*WHAT THE TASK REQUIRES:*
Set out exactly every line of the entries below, starting at the line that holds "real^'v \<Rightarrow> 'e" and stopping after the line that holds "text \<open>Unaggregated values".

*MATERIAL TO PROCESS:*
(* Let a power network have node set $V$, initial active link set $\mathcal{E}^0$, link weights $w\in\mathbb{R}_{\ge 0}^{\mathcal{E}^0}$, link capacities $c\in\mathbb{R}_{\ge 0}^{\mathcal{E}^0}$, initial balanced supply-demand vector $p^0\in\mathcal{B}_{\mathcal{E}^0}$, and horizon $N\ge 1$. Then for every aggregated state $(\mathcal{E},P)$ reachable from $(\mathcal{E}^0,\{p^0\})$ under the aggregated dynamics, and for every $t\in\{1,\dots,N\}$, $$\mathbb{J}_t(\mathcal{E},P)=\sup_{p\in P} J_t(\mathcal{E},p).$$
   Context: Network model. The network is a finite undirected multigraph with node set $V$ and link set $\mathcal{E}^0$; each link is given an arbitrary reference orientation. For an active link set $\mathcal{E}\subseteq\mathcal{E}^0$, let $A$ be the node–link incidence matrix of $(V,\mathcal{E})$ (the column of link $i$ has $+1$ at its tail, $-1$ at its head, $0$ elsewhere), $W=\mathrm{diag}(w_i)_{i\in\mathcal{E}}$, $L(\mathcal{E})=AWA^\top$, and $L^\dagger(\mathcal{E})$ its Moore–Penrose pseudo-inverse. Let $\mathcal{B}_{\mathcal{E}}=\{u\in\mathbb{R}^V:\sum_{v\in V^{(i)}}u_v=0\text{ for every connected component }V^{(i)}\text{ of }(V,\mathcal{E})\}$. For $p\in\mathcal{B}_{\mathcal{E}}$ the link flow is $f(\mathcal{E},p)=WA^\top L^\dagger(\mathcal{E})p\in\mathbb{R}^{\mathcal{E}}$. Nodes are supply nodes $V_+$, demand nodes $V_-$ or transmission nodes; $s\in\{1,0,-1\}^V$ has $s_v=1$ on $V_+$, $s_v=-1$ on $V_-$, $s_v=0$ otherwise. $\mathrm{sign}(x)=1$ if $x\ge0$ and $-1$ if $x<0$. For $p\in\mathbb{R}^V$, $\mathrm{cube}(p)=\{u\in\mathbb{R}^V: 0\le \mathrm{sign}(p_v)u_v\le|p_v|\ \forall v\}$, and for a set $P$, $\mathrm{cube}(P)=\bigcup_{p\in P}\mathrm{cube}(p)$. Admissible controls: $U(\mathcal{E},p)=\mathrm{cube}(p)\cap\mathcal{B}_{\mathcal{E}}$, and for a set $P$, $U(\mathcal{E},P)=\mathcal{B}_{\mathcal{E}}\cap\mathrm{cube}(P)$. For $u\in\mathcal{B}_{\mathcal{E}}$, $\mathcal{F}_{\mathcal{E}}(\mathcal{E},u)=\{i\in\mathcal{E}:|f_i(\mathcal{E},u)|\le c_i\}$. Unaggregated values: $J_1(\mathcal{E},p)=\max\{s^\top u: u\in U(\mathcal{E},p),\ |f_i(\mathcal{E},u)|\le c_i\ \forall i\in\mathcal{E}\}$ and, for $t=2,\dots,N$, $J_t(\mathcal{E},p)=\sup_{u\in U(\mathcal{E},p)}J_{t-1}(\mathcal{F}_{\mathcal{E}}(\mathcal{E},u),u)$. Aggregation. For $\beta\in\{-1,0,1\}^{\mathcal{E}}$, $U(\mathcal{E},P,\beta)=\{u\in U(\mathcal{E},P): f_i(\mathcal{E},u)<-c_i\text{ if }\beta_i=-1;\ |f_i(\mathcal{E},u)|\le c_i\text{ if }\beta_i=0;\ f_i(\mathcal{E},u)>c_i\text{ if }\beta_i=1;\ \forall i\in\mathcal{E}\}$, and $\mathbb{U}(\mathcal{E},P)$ is the collection of the nonempty sets $U(\mathcal{E},P,\beta)$, $\beta\in\{-1,0,1\}^{\mathcal{E}}$. For a set $U$ of vectors, $\mathcal{F}_{\mathcal{E}}(\mathcal{E},U)=\{i\in\mathcal{E}:|f_i(\mathcal{E},u)|\le c_i\ \forall u\in U\}$. Aggregated dynamics starting at $(\mathcal{E}^0,\{p^0\})$: $(\mathcal{E}^{t+1},P^{t+1})=(\mathcal{F}_{\mathcal{E}}(\mathcal{E}^t,U^t),U^t)$ with $U^t\in\mathbb{U}(\mathcal{E}^t,P^t)$. Aggregated values: $\mathbb{J}_1(\mathcal{E},P)=\max\{s^\top u: u\in U(\mathcal{E},\mathrm{cl}\,P),\ |f_i(\mathcal{E},u)|\le c_i\ \forall i\in\mathcal{E}\}$ ($\mathrm{cl}$ = closure) and, for $t\in\{1,\dots,N-1\}$, $\mathbb{J}_{t+1}(\mathcal{E},P)=\max_{U\in\mathbb{U}(\mathcal{E},P)}\mathbb{J}_t(\mathcal{F}_{\mathcal{E}}(\mathcal{E},U),U)$. *)

theory Defs
  imports "HOL-Analysis.Analysis"
begin

definition pinv :: "real^'n^'m \<Rightarrow> real^'m^'n" where
  "pinv A = (THE X. A ** X ** A = A \<and> X ** A ** X = X \<and>
                    transpose (A ** X) = A ** X \<and> transpose (X ** A) = X ** A)"

text \<open>A power network: node set = the finite type 'v, links = elements of the finite
  type 'e (each with a reference orientation tail to head), weights, capacities and the
  supply/demand sign vector s.\<close>
record ('v::finite, 'e) network =
  tail :: "'e \<Rightarrow> 'v"
  head :: "'e \<Rightarrow> 'v"
  weight :: "'e \<Rightarrow> real"
  cap :: "'e \<Rightarrow> real"
  sv :: "real^'v"

definition incidence :: "('v::finite, 'e::finite) network \<Rightarrow> 'e set \<Rightarrow> real^'e^'v" where
  "incidence G E = (\<chi> v i. if i \<in> E then
      (if v = tail G i then 1 else 0) - (if v = head G i then 1 else 0) else 0)"

definition wmat :: "('v::finite, 'e::finite) network \<Rightarrow> 'e set \<Rightarrow> real^'e^'e" where
  "wmat G E = (\<chi> i j. if i = j \<and> i \<in> E then weight G i else 0)"

definition lap :: "('v::finite, 'e::finite) network \<Rightarrow> 'e set \<Rightarrow> real^'v^'v" where
  "lap G E = incidence G E ** wmat G E ** transpose (incidence G E)"

text \<open>Link flow f(E,p) = W A^T L^+ p (only entries i in E are meaningful).\<close>
definition flow :: "('v::finite, 'e::finite) network \<Rightarrow> 'e set \<Rightarrow> real^'v \<Rightarrow> real^'e" where
  "flow G E p = (wmat G E ** transpose (incidence G E) ** pinv (lap G E)) *v p"

definition adjacent :: "('v::finite, 'e) network \<Rightarrow> 'e set \<Rightarrow> 'v \<Rightarrow> 'v \<Rightarrow> bool" where
  "adjacent G E x y \<longleftrightarrow> (\<exists>i\<in>E. (tail G i = x \<and> head G i = y) \<or> (tail G i = y \<and> head G i = x))"

definition connected_nodes :: "('v::finite, 'e) network \<Rightarrow> 'e set \<Rightarrow> 'v \<Rightarrow> 'v \<Rightarrow> bool" where
  "connected_nodes G E = (adjacent G E)\<^sup>*\<^sup>*"

definition balanced :: "('v::finite, 'e) network \<Rightarrow> 'e set \<Rightarrow> (real^'v) set" where
  "balanced G E = {u. \<forall>x. (\<Sum>y\<in>{y. connected_nodes G E x y}. u $ y) = 0}"

definition sign :: "real \<Rightarrow> real" where
  "sign x = (if x \<ge> 0 then 1 else -1)"

definition cube :: "real^'v \<Rightarrow> (real^'v) set" where
  "cube p = {u. \<forall>v. 0 \<le> sign (p $ v) * u $ v \<and> sign (p $ v) * u $ v \<le> \<bar>p $ v\<bar>}"

definition cubeS :: "(real^'v) set \<Rightarrow> (real^'v) set" where
  "cubeS P = (\<Union>p\<in>P. cube p)"

definition Uctrl :: "('v::finite, 'e) network \<Rightarrow> 'e set \<Rightarrow> real^'v \<Rightarrow> (real^'v) set" where
  "Uctrl G E p = cube p \<inter> balanced G E"

definition UctrlS :: "('v::finite, 'e) network \<Rightarrow> 'e set \<Rightarrow> (real^'v) set \<Rightarrow> (real^'v) set" where
  "UctrlS G E P = balanced G E \<inter> cubeS P"

definition flinks :: "('v::finite, 'e::finite) network \<Rightarrow> 'e set \<Rightarrow> real^'v \<Rightarrow> 'e set" where
  "flinks G E u = {i\<in>E. \<bar>flow G E u $ i\<bar> \<le> cap G i}"

definition flinksS :: "('v::finite, 'e::finite) network \<Rightarrow> 'e set \<Rightarrow> (real^'v) set \<Rightarrow> 'e set" where
  "flinksS G E U = {i\<in>E. \<forall>u\<in>U. \<bar>flow G E u $ i\<bar> \<le> cap G i}"

definition obj :: "('v::finite, 'e) network \<Rightarrow> real^'v \<Rightarrow> real" where
  "obj G u = (\<Sum>v\<in>UNIV. sv G $ v * u $ v)"

text \<open>Unaggregated values (the maximum is attained, written as Sup).\<close>
definition J1 :: "('v::finite, 'e::finite) network \<Rightarrow> 'e set \<Rightarrow> real^'v \<Rightarrow> real" where
  "J1 G E p = Sup {obj G u | u. u \<in> Uctrl G E p \<and> (\<forall>i\<in>E. \<bar>flow G E u $ i\<bar> \<le> cap G i)}"

fun J :: "nat \<Rightarrow> ('v::finite, 'e::finite) network \<Rightarrow> 'e set \<Rightarrow> real^'v \<Rightarrow> real" where
  "J 0 G E p = 0"
| "J (Suc 0) G E p = J1 G E p"
| "J (Suc (Suc t)) G E p = (SUP u\<in>Uctrl G E p. J (Suc t) G (flinks G E u) u)"

definition UctrlB :: "('v::finite, 'e::finite) network \<Rightarrow> 'e set \<Rightarrow> (real^'v) set \<Rightarrow> ('e \<Rightarrow> int)
    \<Rightarrow> (real^'v) set" where
  "UctrlB G E P \<beta> = {u \<in> UctrlS G E P. \<forall>i\<in>E.
      (\<beta> i = -1 \<longrightarrow> flow G E u $ i < - cap G i) \<and>
      (\<beta> i = 0 \<longrightarrow> \<bar>flow G E u $ i\<bar> \<le> cap G i) \<and>
      (\<beta> i = 1 \<longrightarrow> flow G E u $ i > cap G i)}"

definition UU :: "('v::finite, 'e::finite) network \<Rightarrow> 'e set \<Rightarrow> (real^'v) set \<Rightarrow> (real^'v) set set" where
  "UU G E P = {UctrlB G E P \<beta> | \<beta>. (\<forall>i\<in>E. \<beta> i \<in> {-1, 0, 1}) \<and> UctrlB G E P \<beta> \<noteq> {}}"

inductive agg_reach :: "('v::finite, 'e::finite) network \<Rightarrow> 'e set \<Rightarrow> real^'v
    \<Rightarrow> 'e set \<Rightarrow> (real^'v) set \<Rightarrow> bool"
  for G E0 p0 where
  init: "agg_reach G E0 p0 E0 {p0}"
| step: "agg_reach G E0 p0 E P \<Longrightarrow> U \<in> UU G E P \<Longrightarrow> agg_reach G E0 p0 (flinksS G E U) U"

definition JJ1 :: "('v::finite, 'e::finite) network \<Rightarrow> 'e set \<Rightarrow> (real^'v) set \<Rightarrow> real" where
  "JJ1 G E P = Sup {obj G u | u. u \<in> UctrlS G E (closure P) \<and> (\<forall>i\<in>E. \<bar>flow G E u $ i\<bar> \<le> cap G i)}"

fun JJ :: "nat \<Rightarrow> ('v::finite, 'e::finite) network \<Rightarrow> 'e set \<Rightarrow> (real^'v) set \<Rightarrow> real" where
  "JJ 0 G E P = 0"
| "JJ (Suc 0) G E P = JJ1 G E P"
| "JJ (Suc (Suc t)) G E P = Max ((\<lambda>U. JJ (Suc t) G (flinksS G E U) U) ` UU G E P)"

end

*PROBLEM SOLUTION:*
definition flinks :: "('v::finite, 'e::finite) network \<Rightarrow> 'e set \<Rightarrow> real^'v \<Rightarrow> 'e set" where
  "flinks G E u = {i\<in>E. \<bar>flow G E u $ i\<bar> \<le> cap G i}"

definition flinksS :: "('v::finite, 'e::finite) network \<Rightarrow> 'e set \<Rightarrow> (real^'v) set \<Rightarrow> 'e set" where
  "flinksS G E U = {i\<in>E. \<forall>u\<in>U. \<bar>flow G E u $ i\<bar> \<le> cap G i}"

definition obj :: "('v::finite, 'e) network \<Rightarrow> real^'v \<Rightarrow> real" where
  "obj G u = (\<Sum>v\<in>UNIV. sv G $ v * u $ v)"

text \<open>Unaggregated values (the maximum is attained, written as Sup).\<close>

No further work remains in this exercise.